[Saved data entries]
lemma code_descent_at_min_rotation:
  assumes P: "is_period u i j p" and inj: "inj_on f (set u)" and bounds: "1 \<le> i" "j \<le> length u"
    and not1: "\<not> is_period u i j 1"
    and min: "\<And>y. i \<le> y \<Longrightarrow> rotation f u b i p a \<le> rotation f u b i p y"
    and ia: "i < a" and aj: "a + p \<le> j + 1"
  shows "code f u b a < code f u b (a - 1)"
proof -
  define xs where "xs = rotation f u b i p a"
  have p: "0 < p" using P by (simp add: is_period_def)
  have len: "length xs = p" by (simp add: xs_def)
  then have ne: "xs \<noteq> []" using p by auto
  have xs_nth: "xs ! k = code f u b (a + k)" if "k < p" for k
    unfolding xs_def using nth_rotation_in_period[OF P that] that ia aj by simp
  have "\<exists>x\<in>set xs. x \<noteq> hd xs"
  proof (rule ccontr)
    assume "\<not> (\<exists>x\<in>set xs. x \<noteq> hd xs)"
    then have const: "code f u b (a + k) = hd xs" if "k < p" for k
      using xs_nth[OF that] nth_mem[of k xs] that by (auto simp: xs_def)
    have "is_period u i j 1"
      using ia by (intro is_period_1_of_constant_window[OF P inj bounds _ aj const]) simp_all
    with not1 show False ..
  qed
  moreover have "xs \<le> rotate k xs" for k
    using min[of "a + k"] rotation_add[of i a f u b p k] ia by (simp add: xs_def)
  ultimately have "hd xs < last xs" using hd_less_last_of_min_rotation by metis
  moreover have "hd xs = code f u b a"
    using xs_nth[of 0] p ne by (simp add: hd_conv_nth)
  moreover have "last xs = code f u b (a - 1)"
  proof -
    have "letter u (a - 1 + 1 * p) = letter u (a - 1)"
      using is_period_iterate[OF P, of "a - 1" 1] ia aj by simp
    moreover have "a - 1 + 1 * p = a + (p - 1)" using ia p by simp
    ultimately have "code f u b (a + (p - 1)) = code f u b (a - 1)"
      by (metis code_eq_of_letter_eq)
    then show ?thesis using xs_nth[of "p - 1"] p len ne by (simp add: last_conv_nth)
  qed
  ultimately show ?thesis by simp
qed

lemma is_period_of_rotation_shift:
  assumes P: "is_period u i j q" and inj: "inj_on f (set u)"
    and bounds: "1 \<le> i" "j \<le> length u" "i + q \<le> j + 1" and ia: "i \<le> a" and p: "0 < p"
    and shift: "rotation f u b i q (a + p) = rotation f u b i q a"
  shows "is_period u i j p"
  unfolding is_period_def
proof (intro conjI allI impI)
  have q: "0 < q" using P by (simp add: is_period_def)
  fix y assume y: "i \<le> y \<and> y + p \<le> j"
  obtain k where k: "k < q" "wrap i q (a + k) = wrap i q y"
    by (rule wrap_surj[where y = y, OF q _ ia]) (use y in simp)
  have k_shift: "wrap i q (a + p + k) = wrap i q (y + p)"
    using wrap_wrap_add[of i "a + k" q p] wrap_wrap_add[of i y q p] k y ia by (simp add: add_ac)
  have "code f u b (wrap i q (a + p + k)) = code f u b (wrap i q (a + k))"
    using shift nth_rotation[OF k(1)] by (metis add.assoc)
  moreover have "1 \<le> wrap i q z" "wrap i q z \<le> length u" for z
    using wrap_ge[of i q z] wrap_less[OF q, of i z] bounds by linarith+
  ultimately have "letter u (wrap i q (a + p + k)) = letter u (wrap i q (a + k))"
    using letter_eq_of_code_eq[OF inj] by blast
  then show "letter u y = letter u (y + p)"
    using k k_shift letter_wrap[OF P, of y] letter_wrap[OF P, of "y + p"] y by auto
qed (use p in simp)

lemma rotation_nested_split:
  fixes f :: "'a \<Rightarrow> nat" and b :: bool
  assumes P: "is_period u i j p" and P': "is_period u i' j' p'"
    and ia: "i \<le> a" and ia': "i' \<le> a" and aj: "a + p' \<le> j + 1" and aj': "a + p' \<le> j' + 1"
    and pp: "p \<le> p'"
  shows "rotation f u b i' p' a =
    map (\<lambda>k. code f u b (a + k)) [0..<p' - p] @ rotation f u b i p (a + (p' - p))"
    (is "_ = ?w @ _")
proof (rule nth_equalityI)
  show "length (rotation f u b i' p' a) = length (?w @ rotation f u b i p (a + (p' - p)))"
    using pp by simp
  fix k assume "k < length (rotation f u b i' p' a)"
  then have k: "k < p'" by simp
  have "(?w @ rotation f u b i p (a + (p' - p))) ! k = code f u b (a + k)"
  proof (cases "k < p' - p")
    case False
    then have t: "k - (p' - p) < p" using k by simp
    then show ?thesis
      using nth_rotation_in_period[OF P t, of "a + (p' - p)"] False ia aj k by (simp add: nth_append)
  qed (simp add: nth_append)
  then show "rotation f u b i' p' a ! k = (?w @ rotation f u b i p (a + (p' - p))) ! k"
    using nth_rotation_in_period[OF P' k] ia' aj' k by simp
qed

lemma rotation_shift_nested_split:
  fixes f :: "'a \<Rightarrow> nat" and b :: bool
  assumes P: "is_period u i j p" and P': "is_period u i' j' p'"
    and ia: "i \<le> a" and ia': "i' \<le> a" and aj: "a + p' \<le> j + 1" and aj': "a + p' \<le> j' + 1"
    and pp: "p \<le> p'"
  shows "rotation f u b i' p' (a + p) =
    map (\<lambda>k. code f u b (a + k)) [0..<p' - p] @ rotation f u b i p a"
    (is "_ = ?w @ _")
proof (rule nth_equalityI)
  show "length (rotation f u b i' p' (a + p)) = length (?w @ rotation f u b i p a)"
    using pp by simp
  fix k assume "k < length (rotation f u b i' p' (a + p))"
  then have k: "k < p'" by simp
  show "rotation f u b i' p' (a + p) ! k = (?w @ rotation f u b i p a) ! k"
  proof (cases "k < p' - p")
    case True
    have "letter u (a + k + 1 * p) = letter u (a + k)"
      using is_period_iterate[OF P, of "a + k" 1] ia True aj by simp
    then have "code f u b (a + p + k) = code f u b (a + k)"
      by (metis add.commute add.left_commute code_eq_of_letter_eq mult_1)
    then show ?thesis
      using nth_rotation_in_period[OF P' k, of "a + p"] True ia' aj' by (simp add: nth_append)
  next
    case False
    define t where "t = k - (p' - p)"
    have t: "t < p" "a + p + k = a + t + p'" using False k pp by (simp_all add: t_def)
    have "rotation f u b i' p' (a + p) ! k = code f u b (wrap i' p' (a + t))"
      using nth_rotation[OF k, of f u b i' "a + p"] t(2) wrap_add_period[of i' "a + t" p'] ia'
      by simp
    also have "\<dots> = code f u b (a + t)"
      using letter_wrap[OF P', of "a + t"] t pp ia' aj' code_eq_of_letter_eq by simp
    also have "\<dots> = (?w @ rotation f u b i p a) ! k"
      using nth_rotation_in_period[OF P t(1), of a] t pp ia aj False
      by (simp add: nth_append t_def)
    finally show ?thesis .
  qed
qed

text \<open>By the two splits, comparing the longer conjugate with its shift by p amounts to comparing two
  conjugates of the shorter period, one of which is minimal.\<close>

lemma rotation_shift_of_nested_min:
  assumes P: "is_period u i j p" and P': "is_period u i' j' p'"
    and ia: "i \<le> a" and ia': "i' \<le> a" and aj: "a + p' \<le> j + 1" and aj': "a + p' \<le> j' + 1"
    and pp: "p \<le> p'"
    and min: "\<And>y. i \<le> y \<Longrightarrow> rotation f u b i p a \<le> rotation f u b i p y"
    and min': "\<And>y. i' \<le> y \<Longrightarrow> rotation f u b i' p' a \<le> rotation f u b i' p' y"
  shows "rotation f u b i' p' (a + p) = rotation f u b i' p' a"
proof -
  note split = rotation_nested_split[OF P P' ia ia' aj aj' pp, where f = f and b = b]
    rotation_shift_nested_split[OF P P' ia ia' aj aj' pp, where f = f and b = b]
  have "rotation f u b i p (a + (p' - p)) \<le> rotation f u b i p a"
    using min'[of "a + p"] ia' unfolding split by (simp add: append_le_append_iff)
  moreover have "rotation f u b i p a \<le> rotation f u b i p (a + (p' - p))"
    using min ia by simp
  ultimately show ?thesis unfolding split by simp
qed

lemma last_multiple_le:
  fixes c x p :: nat
  assumes "c \<le> x" "0 < p"
  obtains m where "c + m * p \<le> x" "x < c + m * p + p"
proof
  define m where "m = (x - c) div p"
  have "m * p \<le> x - c" unfolding m_def by (rule div_times_less_eq_dividend)
  then show "c + m * p \<le> x" using assms(1) by simp
  have "x - c = m * p + (x - c) mod p" by (simp add: m_def)
  then show "x < c + m * p + p" using mod_less_divisor[OF assms(2), of "x - c"] assms(1) by linarith
qed

lemma min_rotation_within_run:
  assumes P: "is_period u i j p" and P': "is_period u i' j' p'" and j': "j' \<le> length u"
    and min': "\<And>y. i' \<le> y \<Longrightarrow> rotation f u b i' p' a \<le> rotation f u b i' p' y"
    and ia: "i \<le> a" and aj: "a + p \<le> j + 1" and ia': "i' \<le> a" and aj': "a + p' \<le> j' + 1"
    and right: "j < length u \<Longrightarrow> code f u b (j + 1) < code f u b (j + 1 - p)"
  shows "a + p' \<le> j + 1"
proof (rule ccontr)
  assume overhang: "\<not> a + p' \<le> j + 1"
  then have right': "code f u b (j + 1) < code f u b (j + 1 - p)" using right aj' j' by simp
  have p: "0 < p" using P by (simp add: is_period_def)
  text \<open>The conjugate starting at the last occurrence s of the period before position j + 1 agrees
    with the one starting at a up to offset d, where it reads the smaller letter j + 1.\<close>
  obtain m where m: "a + p + m * p \<le> j + 1" "j + 1 < a + p + m * p + p"
    using last_multiple_le[OF aj p] by blast
  define s where "s = a + p + m * p"
  define d where "d = j + 1 - s"
  have dp: "d < p" and sd: "s + d = j + 1" using m by (simp_all add: s_def d_def)
  have rot_s: "rotation f u b i' p' s ! k = code f u b (s + k)" if "k \<le> d" for k
    using nth_rotation_in_period[OF P', of k s] that dp sd overhang ia' aj' by (simp add: s_def)
  have rot_a: "rotation f u b i' p' a ! k = code f u b (a + k)" if "k \<le> d" for k
    using nth_rotation_in_period[OF P', of k a] that dp sd overhang ia' aj' by (simp add: s_def)
  have "rotation f u b i' p' s < rotation f u b i' p' a"
  proof (rule rotation_lessI[of d])
    show "d < p'" using dp overhang aj by simp
    fix k assume k: "k < d"
    have "letter u (a + k + Suc m * p) = letter u (a + k)"
      using is_period_iterate[OF P, of "a + k" "Suc m"] ia k sd by (simp add: s_def add_ac)
    then have "code f u b (s + k) = code f u b (a + k)"
      by (metis add.commute add.left_commute code_eq_of_letter_eq mult_Suc s_def)
    then show "rotation f u b i' p' s ! k = rotation f u b i' p' a ! k"
      using rot_s[of k] rot_a[of k] k by simp
  next
    have "a + d + m * p = j + 1 - p" using sd by (simp add: s_def)
    then have "letter u (j + 1 - p) = letter u (a + d)"
      using is_period_iterate[OF P, of "a + d" m] ia dp sd p by (simp add: s_def)
    then have "code f u b (j + 1 - p) = code f u b (a + d)" by (rule code_eq_of_letter_eq)
    then show "rotation f u b i' p' s ! d < rotation f u b i' p' a ! d"
      using rot_s[of d] rot_a[of d] right' sd by simp
  qed
  moreover have "rotation f u b i' p' a \<le> rotation f u b i' p' s"
    using ia' by (intro min') (simp add: s_def)
  ultimately show False by simp
qed

lemma is_runD:
  assumes "is_run u i j"
  shows "is_period u i j (per u i j)" "1 \<le> i" "j \<le> length u" "i \<le> j" "0 < per u i j"
  using assms is_period_per per_pos unfolding is_run_def by auto

lemma finite_runs: "finite {(i, j). is_run u i j}"
  by (rule finite_subset[of _ "{1..length u} \<times> {1..length u}"]) (auto simp: is_run_def)

lemma run_start_le:
  assumes r: "is_run u i j" and r': "is_run u i' j'" and pp: "per u i' j' = per u i j"
    and ia': "i' \<le> a" and aj: "a + per u i j \<le> j + 1"
  shows "i' \<le> i"
proof (rule ccontr)
  assume lt: "\<not> i' \<le> i"
  then have "letter u (i' - 1 + 1 * per u i j) = letter u (i' - 1)"
    using is_period_iterate[OF is_runD(1)[OF r], of "i' - 1" 1] ia' aj by simp
  moreover have "letter u (i' - 1) \<noteq> letter u (i' + per u i j - 1)"
    using r r' pp lt unfolding is_run_def by auto
  ultimately show False using lt is_runD(2)[OF r] by (simp add: add.commute)
qed

lemma run_end_le:
  assumes r: "is_run u i j" and r': "is_run u i' j'" and pp: "per u i' j' = per u i j"
    and ia': "i' \<le> a" and aj: "a + per u i j \<le> j + 1"
  shows "j' \<le> j"
proof (rule ccontr)
  assume lt: "\<not> j' \<le> j"
  have "per u i j \<le> j" using aj is_runD(2)[OF r'] ia' by linarith
  moreover have "letter u (j + 1 - per u i j + 1 * per u i j) = letter u (j + 1 - per u i j)"
    using is_period_iterate[OF is_runD(1)[OF r'], of "j + 1 - per u i j" 1] pp lt ia' aj by simp
  moreover have "letter u (j - per u i j + 1) \<noteq> letter u (j + 1)"
    using r r' lt unfolding is_run_def by auto
  ultimately show False by (simp add: Suc_diff_le)
qed

lemma run_eq_of_per_eq:
  assumes r: "is_run u i j" and r': "is_run u i' j'" and pp: "per u i' j' = per u i j"
    and ia: "i \<le> a" and ia': "i' \<le> a" and aj: "a + per u i j \<le> j + 1" and aj': "a + per u i j \<le> j' + 1"
  shows "i' = i" "j' = j"
  using run_start_le[OF r r' pp ia' aj] run_start_le[OF r' r _ ia] run_end_le[OF r r' pp ia' aj]
    run_end_le[OF r' r _ ia] pp aj' by simp_all

text \<open>The paper's choice of order for the run [i..j]: the one in which the letter following the
  run is smaller than the letter one period before it. Here b = True selects the order induced by f.\<close>

definition orient :: "('a \<Rightarrow> nat) \<Rightarrow> 'a list \<Rightarrow> nat \<Rightarrow> nat \<Rightarrow> bool" where
  "orient f u i j \<longleftrightarrow> j = length u \<or> f (letter u (j + 1)) < f (letter u (j + 1 - per u i j))"
lemma cseq_extend_cost_ge:
  assumes sgG: "simple_graph V EG" and sgH: "simple_graph V EH"
    and sub: "EH \<subseteq> EG" and y: "cseq V EH y"
  shows "\<exists>x. cseq V EG x \<and> cost V EH y \<le> cost V EG x"
proof -
  obtain x where x: "cseq V EG x" and pos: "\<forall>a\<in>elems V EH. pos V EG x a = pos V EH y a"
    using cseq_extend[OF sgG sub y] by blast
  have "edge_cost V EH y e = edge_cost V EG x e" if "e \<in> EH" for e
    unfolding edge_cost_def using that pos simple_graphD(4)[OF sgH that]
    by (intro sum.cong) (auto simp: elems_def)
  with cost_le_if_edge_cost_le[OF sgH sgG sub x] x show ?thesis by auto
qed

theorem lemma6:
  fixes VG VH :: "'a set" and EG EH :: "'a set set"
  assumes "simple_graph VG EG" and "simple_graph VH EH"
    and "VH \<subseteq> VG" and "EH \<subseteq> EG"
  shows "nu_min VH EH \<le> nu_min VG EG \<and> (VH = VG \<longrightarrow> nu_max VH EH \<le> nu_max VG EG)"
proof
  show "nu_min VH EH \<le> nu_min VG EG"
    unfolding nu_min_def
    using finite_costs cseq_exists cseq_restrict_cost_le[OF assms] assms(1,2)
    by (intro Min_image_le_Min_image) auto
  show "VH = VG \<longrightarrow> nu_max VH EH \<le> nu_max VG EG"
    unfolding nu_max_def
    using finite_costs cseq_exists cseq_extend_cost_ge[OF assms(1) _ assms(4)] assms(1,2)
    by (intro impI Max_image_le_Max_image) auto
qed

end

• [TASK GOAL]:
Search the data for the string "thesis" and copy each line where it appears.

• [YOUR RESPONSE]:
    then show ?thesis using xs_nth[of "p - 1"] p len ne by (simp add: last_conv_nth)
  ultimately show ?thesis by simp
    then show ?thesis
    then show ?thesis
    finally show ?thesis .
  ultimately show ?thesis unfolding split by simp
  with cost_le_if_edge_cost_le[OF sgH sgG sub x] x show ?thesis by auto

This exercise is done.